An eleven hour day! There should be a union to protect writers from this. Trouble is, if we don't do it no-one else will.
This was Saturday at the Foire du Livre in Brive la Gaillarde, all day at a stand hosted by Les Trois Epis bookstore. I had a display of books and a chair and was required to be on duty all day to greet potential customers and sign the books that they bought.
We weren't in a good spot, though. Near the entrance. Everyone arriving hurried by to see the fair, not wanting to stop and look at the first display. On the way out, they'd done their buying and weren't interested in looking at anything else.
Besides which, I was sandwiched between "The Book of Cèpes", whose author never dared once to show his face (after all, how could you write a whole book about cèpes?), and "My Life with a Brute" (or words to that effect) - a comical description by a divorced women of her life of hell with men, and what changes she would like to make to them.
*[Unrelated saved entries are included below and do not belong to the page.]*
(* Let $M$ be a matroid on a finite set $E$ with $r(M)>0$. If $M$ is a unique expansion matroid, then its dual $M^*$ is a unique exchange matroid.
   Context: For a matroid $M=(E,\mathcal{I})$: $\mathcal{I}(M)$ its independent sets, $\mathcal{B}(M)$ its bases, $r(M)$ the size of a base. For $r(M)>0$, $s(M)=\{A\in\mathcal{I}(M): |A|=r(M)-1\}$. $M$ is a unique expansion matroid if for every $B\in\mathcal{B}(M)$ and every $A\in s(M)$, whenever $e_1,e_2\in B$ satisfy $A\cup\{e_1\}\in\mathcal{B}(M)$ and $A\cup\{e_2\}\in\mathcal{B}(M)$, then $e_1=e_2$. The dual $M^*$ is the matroid on $E$ with bases $\{E-B: B\in\mathcal{B}(M)\}$. A matroid $N$ is a unique exchange matroid if for all $B_1,B_2\in\mathcal{B}(N)$, whenever $x\in B_1-B_2$, $y_1,y_2\in B_2-B_1$, $(B_1-\{x\})\cup\{y_1\}\in\mathcal{B}(N)$ and $(B_1-\{x\})\cup\{y_2\}\in\mathcal{B}(N)$, then $y_1=y_2$. *)

theory Defs
  imports Main
begin

definition matroid :: "'a set \<Rightarrow> 'a set set \<Rightarrow> bool" where
  "matroid E I \<longleftrightarrow> finite E \<and> I \<subseteq> Pow E \<and> {} \<in> I \<and>
     (\<forall>A B. B \<in> I \<and> A \<subseteq> B \<longrightarrow> A \<in> I) \<and>
     (\<forall>A B. A \<in> I \<and> B \<in> I \<and> card A < card B \<longrightarrow> (\<exists>e \<in> B - A. insert e A \<in> I))"

definition bases :: "'a set set \<Rightarrow> 'a set set" where
  "bases I = {B \<in> I. \<forall>X \<in> I. B \<subseteq> X \<longrightarrow> X = B}"

definition mrank :: "'a set set \<Rightarrow> nat" where
  "mrank I = card (SOME B. B \<in> bases I)"

definition s_sets :: "'a set set \<Rightarrow> 'a set set" where
  "s_sets I = {A \<in> I. card A = mrank I - 1}"

definition unique_expansion :: "'a set set \<Rightarrow> bool" where
  "unique_expansion I \<longleftrightarrow>
     (\<forall>B \<in> bases I. \<forall>A \<in> s_sets I. \<forall>e1 e2.
        e1 \<in> B \<and> e2 \<in> B \<and> A \<union> {e1} \<in> bases I \<and> A \<union> {e2} \<in> bases I \<longrightarrow> e1 = e2)"

text \<open>Independent sets of the dual matroid M*: subsets of complements of bases
  (so that the bases of M* are exactly the sets E - B, B a base of M).\<close>
definition dual_indep :: "'a set \<Rightarrow> 'a set set \<Rightarrow> 'a set set" where
  "dual_indep E I = {X. \<exists>B \<in> bases I. X \<subseteq> E - B}"

definition unique_exchange :: "'a set set \<Rightarrow> bool" where
  "unique_exchange I \<longleftrightarrow>
     (\<forall>B1 \<in> bases I. \<forall>B2 \<in> bases I. \<forall>x y1 y2.
        x \<in> B1 - B2 \<and> y1 \<in> B2 - B1 \<and> y2 \<in> B2 - B1 \<and>
        (B1 - {x}) \<union> {y1} \<in> bases I \<and> (B1 - {x}) \<union> {y2} \<in> bases I \<longrightarrow> y1 = y2)"

end

theory Submission
  imports Defs
begin

text \<open>
  The dual of a matroid M is a matroid whose bases are the complements E - B of the bases B
  of M. Under complementation, an exchange (E - B1) - {x} \<union> {y} in M* is the base
  (B1 - {y}) \<union> {x} of M. If two different y1, y2 \<in> B1 worked for the same x, then
  A = (B1 - {y1, y2}) \<union> {x} would be an independent set of size r(M) - 1 expanding to a base
  by two different elements y1, y2 of the base B1, contradicting unique expansion.
\<close>

lemma matroid_indep_subset_ground: "matroid E I \<Longrightarrow> X \<in> I \<Longrightarrow> X \<subseteq> E"
  unfolding matroid_def by blast

lemma matroid_indep_finite: "matroid E I \<Longrightarrow> X \<in> I \<Longrightarrow> finite X"
  unfolding matroid_def by (meson PowD finite_subset subsetD)

lemma matroid_indep_subset: "matroid E I \<Longrightarrow> B \<in> I \<Longrightarrow> A \<subseteq> B \<Longrightarrow> A \<in> I"
  unfolding matroid_def by blast

lemma matroid_augment:
  "matroid E I \<Longrightarrow> A \<in> I \<Longrightarrow> B \<in> I \<Longrightarrow> card A < card B \<Longrightarrow> \<exists>e\<in>B - A. insert e A \<in> I"
  unfolding matroid_def by blast

lemma matroid_finite_indeps: "matroid E I \<Longrightarrow> finite I"
  unfolding matroid_def by (meson finite_Pow_iff finite_subset)

lemma base_indep: "B \<in> bases I \<Longrightarrow> B \<in> I"
  unfolding bases_def by blast

lemma base_maximal: "B \<in> bases I \<Longrightarrow> X \<in> I \<Longrightarrow> B \<subseteq> X \<Longrightarrow> X = B"
  unfolding bases_def by blast

lemma card_indep_le_base:
  assumes m: "matroid E I" and B: "B \<in> bases I" and X: "X \<in> I"
  shows "card X \<le> card B"
proof (rule ccontr)
  assume "\<not> card X \<le> card B"
  then obtain e where "e \<in> X - B" "insert e B \<in> I"
    using matroid_augment[OF m base_indep[OF B] X] by auto
  then show False using base_maximal[OF B] by blast
qed

lemma bases_card_eq:
  "matroid E I \<Longrightarrow> B\<^sub>1 \<in> bases I \<Longrightarrow> B\<^sub>2 \<in> bases I \<Longrightarrow> card B\<^sub>1 = card B\<^sub>2"
  by (meson base_indep card_indep_le_base le_antisym)

lemma indep_card_base_is_base:
  assumes m: "matroid E I" and B: "B \<in> bases I" and X: "X \<in> I" and c: "card X = card B"
  shows "X \<in> bases I"
  unfolding bases_def
proof (intro CollectI conjI ballI impI)
  fix Y assume Y: "Y \<in> I" "X \<subseteq> Y"
  then show "Y = X"
    using card_indep_le_base[OF m B Y(1)] c matroid_indep_finite[OF m Y(1)]
    by (metis card_seteq)
qed (fact X)

lemma ex_base:
  assumes m: "matroid E I" shows "\<exists>B. B \<in> bases I"
proof -
  have "{} \<in> I" using m unfolding matroid_def by blast
  then obtain B where "B \<in> I" "\<And>X. X \<in> I \<Longrightarrow> B \<subseteq> X \<Longrightarrow> X = B"
    using finite_has_maximal2[OF matroid_finite_indeps[OF m]] by metis
  then show ?thesis unfolding bases_def by blast
qed

lemma mrank_eq_card_base: "matroid E I \<Longrightarrow> B \<in> bases I \<Longrightarrow> mrank I = card B"
  unfolding mrank_def by (metis bases_card_eq ex_base someI_ex)

lemma ex_base_between:
  assumes m: "matroid E I" and J: "J \<in> I" "J \<subseteq> S" and B\<^sub>0: "B\<^sub>0 \<in> bases I" "B\<^sub>0 \<subseteq> S"
  shows "\<exists>B. B \<in> bases I \<and> J \<subseteq> B \<and> B \<subseteq> S"
proof -
  define F where "F = {X \<in> I. J \<subseteq> X \<and> X \<subseteq> S}"
  have "finite F" unfolding F_def using matroid_finite_indeps[OF m] by simp
  moreover have "J \<in> F" using J unfolding F_def by simp
  ultimately obtain B where B: "B \<in> F" and max: "\<And>X. X \<in> F \<Longrightarrow> B \<subseteq> X \<Longrightarrow> X = B"
    using finite_has_maximal2 by metis
  have BI: "B \<in> I" and "J \<subseteq> B" "B \<subseteq> S" using B unfolding F_def by auto
  have "card B = card B\<^sub>0"
  proof (rule ccontr)
    assume "card B \<noteq> card B\<^sub>0"
    then have "card B < card B\<^sub>0" using card_indep_le_base[OF m B\<^sub>0(1) BI] by simp
    then obtain e where e: "e \<in> B\<^sub>0 - B" "insert e B \<in> I"
      using matroid_augment[OF m BI base_indep[OF B\<^sub>0(1)]] by blast
    then have "insert e B \<in> F" unfolding F_def using \<open>J \<subseteq> B\<close> \<open>B \<subseteq> S\<close> B\<^sub>0(2) by blast
    then show False using max e by blast
  qed
  then show ?thesis
    using indep_card_base_is_base[OF m B\<^sub>0(1) BI] \<open>J \<subseteq> B\<close> \<open>B \<subseteq> S\<close> by blast
qed

lemma dual_indep_augment:
  assumes m: "matroid E I" and X: "X \<in> dual_indep E I" and Y: "Y \<in> dual_indep E I"
    and XY: "card X < card Y"
  shows "\<exists>e \<in> Y - X. insert e X \<in> dual_indep E I"
proof -
  obtain B\<^sub>X where B\<^sub>X: "B\<^sub>X \<in> bases I" "X \<subseteq> E - B\<^sub>X" using X unfolding dual_indep_def by blast
  obtain B\<^sub>Y where B\<^sub>Y: "B\<^sub>Y \<in> bases I" "Y \<subseteq> E - B\<^sub>Y" using Y unfolding dual_indep_def by blast
  have B\<^sub>YI: "B\<^sub>Y \<in> I" using base_indep[OF B\<^sub>Y(1)] .
  have "B\<^sub>X \<subseteq> E - X" using B\<^sub>X matroid_indep_subset_ground[OF m base_indep] by blast
  then obtain B where B: "B \<in> bases I" "B\<^sub>Y - X \<subseteq> B" "B \<subseteq> E - X"
    using ex_base_between[OF m matroid_indep_subset[OF m B\<^sub>YI], of "B\<^sub>Y - X" "E - X" B\<^sub>X]
      B\<^sub>X(1) matroid_indep_subset_ground[OF m B\<^sub>YI] by blast
  have fin: "finite X" "finite Y" "finite B\<^sub>Y" "finite B"
    using matroid_indep_finite[OF m] base_indep B B\<^sub>YI finite_subset[OF B\<^sub>X(2)] finite_subset[OF B\<^sub>Y(2)]
      m unfolding matroid_def by auto
  \<comment> \<open>Besides BY - X, the base B has only |BY \<inter> X| further elements, and BY \<inter> X \<subseteq> X - Y.\<close>
  have "card (B \<inter> (Y - X)) \<le> card (B - (B\<^sub>Y - X))"
    using B\<^sub>Y(2) fin by (intro card_mono) auto
  also have "\<dots> = card B\<^sub>Y - card (B\<^sub>Y - X)"
    using B(2) fin bases_card_eq[OF m B(1) B\<^sub>Y(1)] by (simp add: card_Diff_subset)
  also have "\<dots> = card (B\<^sub>Y \<inter> X)"
    using card_Int_Diff[OF fin(3), of X] by simp
  also have "\<dots> \<le> card (X - Y)"
    using B\<^sub>Y fin by (intro card_mono) auto
  also have "\<dots> < card (Y - X)"
    using XY card_Int_Diff[OF fin(1), of Y] card_Int_Diff[OF fin(2), of X] by (simp add: Int_commute)
  finally have "\<not> Y - X \<subseteq> B"
    by (metis Int_absorb1 less_irrefl)
  then obtain e where e: "e \<in> Y - X" "e \<notin> B" by blast
  have "insert e X \<subseteq> E - B" using e B B\<^sub>X(2) B\<^sub>Y(2) by blast
  then show ?thesis using e B(1) unfolding dual_indep_def by blast
qed

lemma matroid_dual:
  assumes m: "matroid E I"
  shows "matroid E (dual_indep E I)"
  unfolding matroid_def
proof (intro conjI allI impI)
  show "finite E" using m unfolding matroid_def by simp
  show "dual_indep E I \<subseteq> Pow E" unfolding dual_indep_def by blast
  show "{} \<in> dual_indep E I" using ex_base[OF m] unfolding dual_indep_def by blast
  show "A \<in> dual_indep E I" if "B \<in> dual_indep E I \<and> A \<subseteq> B" for A B
    using that unfolding dual_indep_def by blast
  show "\<exists>e\<in>B - A. insert e A \<in> dual_indep E I"
    if "A \<in> dual_indep E I \<and> B \<in> dual_indep E I \<and> card A < card B" for A B
    using that dual_indep_augment[OF m] by blast
qed

lemma bases_dual:
  assumes m: "matroid E I"
  shows "bases (dual_indep E I) = (\<lambda>B. E - B) ` bases I"
proof (intro equalityI subsetI)
  fix X assume X: "X \<in> bases (dual_indep E I)"
  then obtain B where B: "B \<in> bases I" "X \<subseteq> E - B" unfolding bases_def dual_indep_def by blast
  then have "E - B = X" using X unfolding bases_def dual_indep_def by blast
  then show "X \<in> (\<lambda>B. E - B) ` bases I" using B by blast
next
  fix X assume "X \<in> (\<lambda>B. E - B) ` bases I"
  then obtain B where B: "B \<in> bases I" "X = E - B" by blast
  have "Y = X" if Y: "Y \<in> dual_indep E I" "X \<subseteq> Y" for Y
  proof -
    obtain B' where B': "B' \<in> bases I" "Y \<subseteq> E - B'" using Y(1) unfolding dual_indep_def by blast
    have "B' \<subseteq> B"
      using B B' Y(2) matroid_indep_subset_ground[OF m base_indep] by blast
    then have "B' = B" using base_maximal[OF B'(1) base_indep[OF B(1)]] by simp
    then show ?thesis using B B' Y(2) by blast
  qed
  moreover have "X \<in> dual_indep E I" using B unfolding dual_indep_def by blast
  ultimately show "X \<in> bases (dual_indep E I)" unfolding bases_def by blast
qed

lemma unique_expansionD:
  "unique_expansion I \<Longrightarrow> B \<in> bases I \<Longrightarrow> A \<in> s_sets I \<Longrightarrow> e\<^sub>1 \<in> B \<Longrightarrow> e\<^sub>2 \<in> B
    \<Longrightarrow> A \<union> {e\<^sub>1} \<in> bases I \<Longrightarrow> A \<union> {e\<^sub>2} \<in> bases I \<Longrightarrow> e\<^sub>1 = e\<^sub>2"
  unfolding unique_expansion_def by blast

lemma unique_expansion_exchange:
  assumes m: "matroid E I" and ue: "unique_expansion I" and B: "B \<in> bases I"
    and x: "x \<notin> B" and y: "y\<^sub>1 \<in> B" "y\<^sub>2 \<in> B"
    and D: "insert x (B - {y\<^sub>1}) \<in> bases I" "insert x (B - {y\<^sub>2}) \<in> bases I"
  shows "y\<^sub>1 = y\<^sub>2"
proof (rule ccontr)
  assume ne: "y\<^sub>1 \<noteq> y\<^sub>2"
  define A where "A = insert x (B - {y\<^sub>1, y\<^sub>2})"
  have "A \<in> I"
    by (rule matroid_indep_subset[OF m base_indep[OF D(1)]]) (auto simp: A_def)
  moreover have "card A = mrank I - 1"
  proof -
    have fin: "finite B" using matroid_indep_finite[OF m base_indep[OF B]] .
    have "card {y\<^sub>1, y\<^sub>2} = 2" using ne by simp
    moreover have "card {y\<^sub>1, y\<^sub>2} \<le> card B" using fin y by (intro card_mono) auto
    moreover have "card (B - {y\<^sub>1, y\<^sub>2}) = card B - card {y\<^sub>1, y\<^sub>2}"
      using fin y by (intro card_Diff_subset) auto
    moreover have "card A = Suc (card (B - {y\<^sub>1, y\<^sub>2}))"
      unfolding A_def using fin x by simp
    ultimately show ?thesis using mrank_eq_card_base[OF m B] by linarith
  qed
  ultimately have A: "A \<in> s_sets I" unfolding s_sets_def by simp
  have "A \<union> {y\<^sub>2} = insert x (B - {y\<^sub>1})" "A \<union> {y\<^sub>1} = insert x (B - {y\<^sub>2})"
    unfolding A_def using ne x y by auto
  then have "y\<^sub>2 = y\<^sub>1"
    using unique_expansionD[OF ue B A y(2) y(1)] D by argo
  with ne show False by simp
qed

lemma bases_dual_exchange_iff:
  assumes m: "matroid E I" and B: "B \<in> bases I" and x: "x \<in> E - B" and y: "y \<in> B"
  shows "(E - B) - {x} \<union> {y} \<in> bases (dual_indep E I) \<longleftrightarrow> insert x (B - {y}) \<in> bases I"
proof -
  have ground: "bases I \<subseteq> Pow E"
    using matroid_indep_subset_ground[OF m base_indep] by blast
  have "inj_on ((-) E) (Pow E)" by (rule inj_onI) blast
  moreover have "(E - B) - {x} \<union> {y} = E - insert x (B - {y})"
    using B x y ground by blast
  moreover have "insert x (B - {y}) \<in> Pow E" using B x ground by blast
  ultimately show ?thesis
    unfolding bases_dual[OF m] using ground by (simp add: inj_on_image_mem_iff)
qed

theorem theorem11:
  fixes E :: "'a set" and I :: "'a set set"
  assumes "matroid E I"
    and "mrank I > 0"
    and "unique_expansion I"
  shows "matroid E (dual_indep E I) \<and> unique_exchange (dual_indep E I)"
proof
  note m = assms(1)
  show "matroid E (dual_indep E I)" using matroid_dual[OF m] .
  show "unique_exchange (dual_indep E I)"
    unfolding unique_exchange_def
  proof (intro ballI allI impI, elim conjE)
    fix C\<^sub>1 C\<^sub>2 x y\<^sub>1 y\<^sub>2
    assume C: "C\<^sub>1 \<in> bases (dual_indep E I)" "C\<^sub>2 \<in> bases (dual_indep E I)"
      and x: "x \<in> C\<^sub>1 - C\<^sub>2" and y: "y\<^sub>1 \<in> C\<^sub>2 - C\<^sub>1" "y\<^sub>2 \<in> C\<^sub>2 - C\<^sub>1"
      and D: "C\<^sub>1 - {x} \<union> {y\<^sub>1} \<in> bases (dual_indep E I)" "C\<^sub>1 - {x} \<union> {y\<^sub>2} \<in> bases (dual_indep E I)"
    obtain B where B: "B \<in> bases I" "C\<^sub>1 = E - B" using C(1) bases_dual[OF m] by auto
    have "C\<^sub>2 \<subseteq> E" using C(2) bases_dual[OF m] by auto
    then have x': "x \<in> E - B" and y': "y\<^sub>1 \<in> B" "y\<^sub>2 \<in> B" using x y B(2) by auto
    have "insert x (B - {y\<^sub>1}) \<in> bases I" "insert x (B - {y\<^sub>2}) \<in> bases I"
      using D bases_dual_exchange_iff[OF m B(1) x'] y' unfolding B(2) by auto
    then show "y\<^sub>1 = y\<^sub>2"
      using unique_expansion_exchange[OF m assms(3) B(1) _ y'] x' by blast
  qed
qed

end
I saw her eyeing up my kilt a few times and felt a touch uneasy, and then got ticked off when a gaggle of teenage girls (most of whom appeared to be her children), and their spotty boyfriends, stood in front of my book display and chatted to her for hours on end.
The greatest indignity, though, was that more people seemed intersted in the cèpes than "Meurtres à Pékin". They were drawn to it like flies to the dung, although I think there were only two copies sold all day. The man hater didn't sell much either. So I suppose I had the last laugh (although laughing was the last thing I felt like doing), when I managed to sell twenty-five books. It doesn't seem like much over a long day. Five hundred euros worth of business, all the same. And when added to the sales of launch night, probably totalled around 75 books, or fifteen hundred euros.
Which doesn't make much of a dent in the six thousand copies that Editions du Rouergue have printed - about four times as many as Hodder and Stoughton produced in hardback. They clearly have faith in the book. I hope they're right.
The only bright spot in the day was lunch at the chic new restaurant Les Arums, again paid for by the municipality. This was a bright, airy, modern restaurant, with a huge salle through the back, and tall windows opening on to a luxuriantly green garden, and a young patronne who had poured herself into leather trousers that seemed somehow to have moulded themselves to her every curve. It was quite hynpnotic when she walked by our table.
We were joined - Danielle, Michèle, Daniel, La Patronne and I - by a famous French writer and broadcaster called Philippe Meyer. He was a big man with a shock of salt and pepper hair, a lovely manner and a nice sense of humour. Lunch passed in a haze of good food and wine, laughter and tight leather trousers.
All of our food and wine, it seems, over the whole weekend, is to be provided by the town. I'm not complaining.
Sales were slow in the afternoon. The place was jam packed, and La Patronne, who had sat faithfully by my side through most of the morning, was overcome by a post prandial torpor, and slipped off to take forty winks in the car, in the dark anonymity of the underground carpark beneath us. A flurry of sales in her absence, rescued me from a slow start. I heard that the queue to get in stretched all the way up the Rue de Paris, and that people were having to stand in line for more than an hour and a half.
What amazes me is that they did! What an appetite people here seem to have for books and writers.
At the end of the day - it was almost 8pm - we all traipsed off to the Boulevard Restaurant again for more good food and wine, before driving back to our hotel through dipping temperatures and thick fog.
Winter, it seems, has finally stamped on the tail end of summer.
And tomorrow we do it all over again.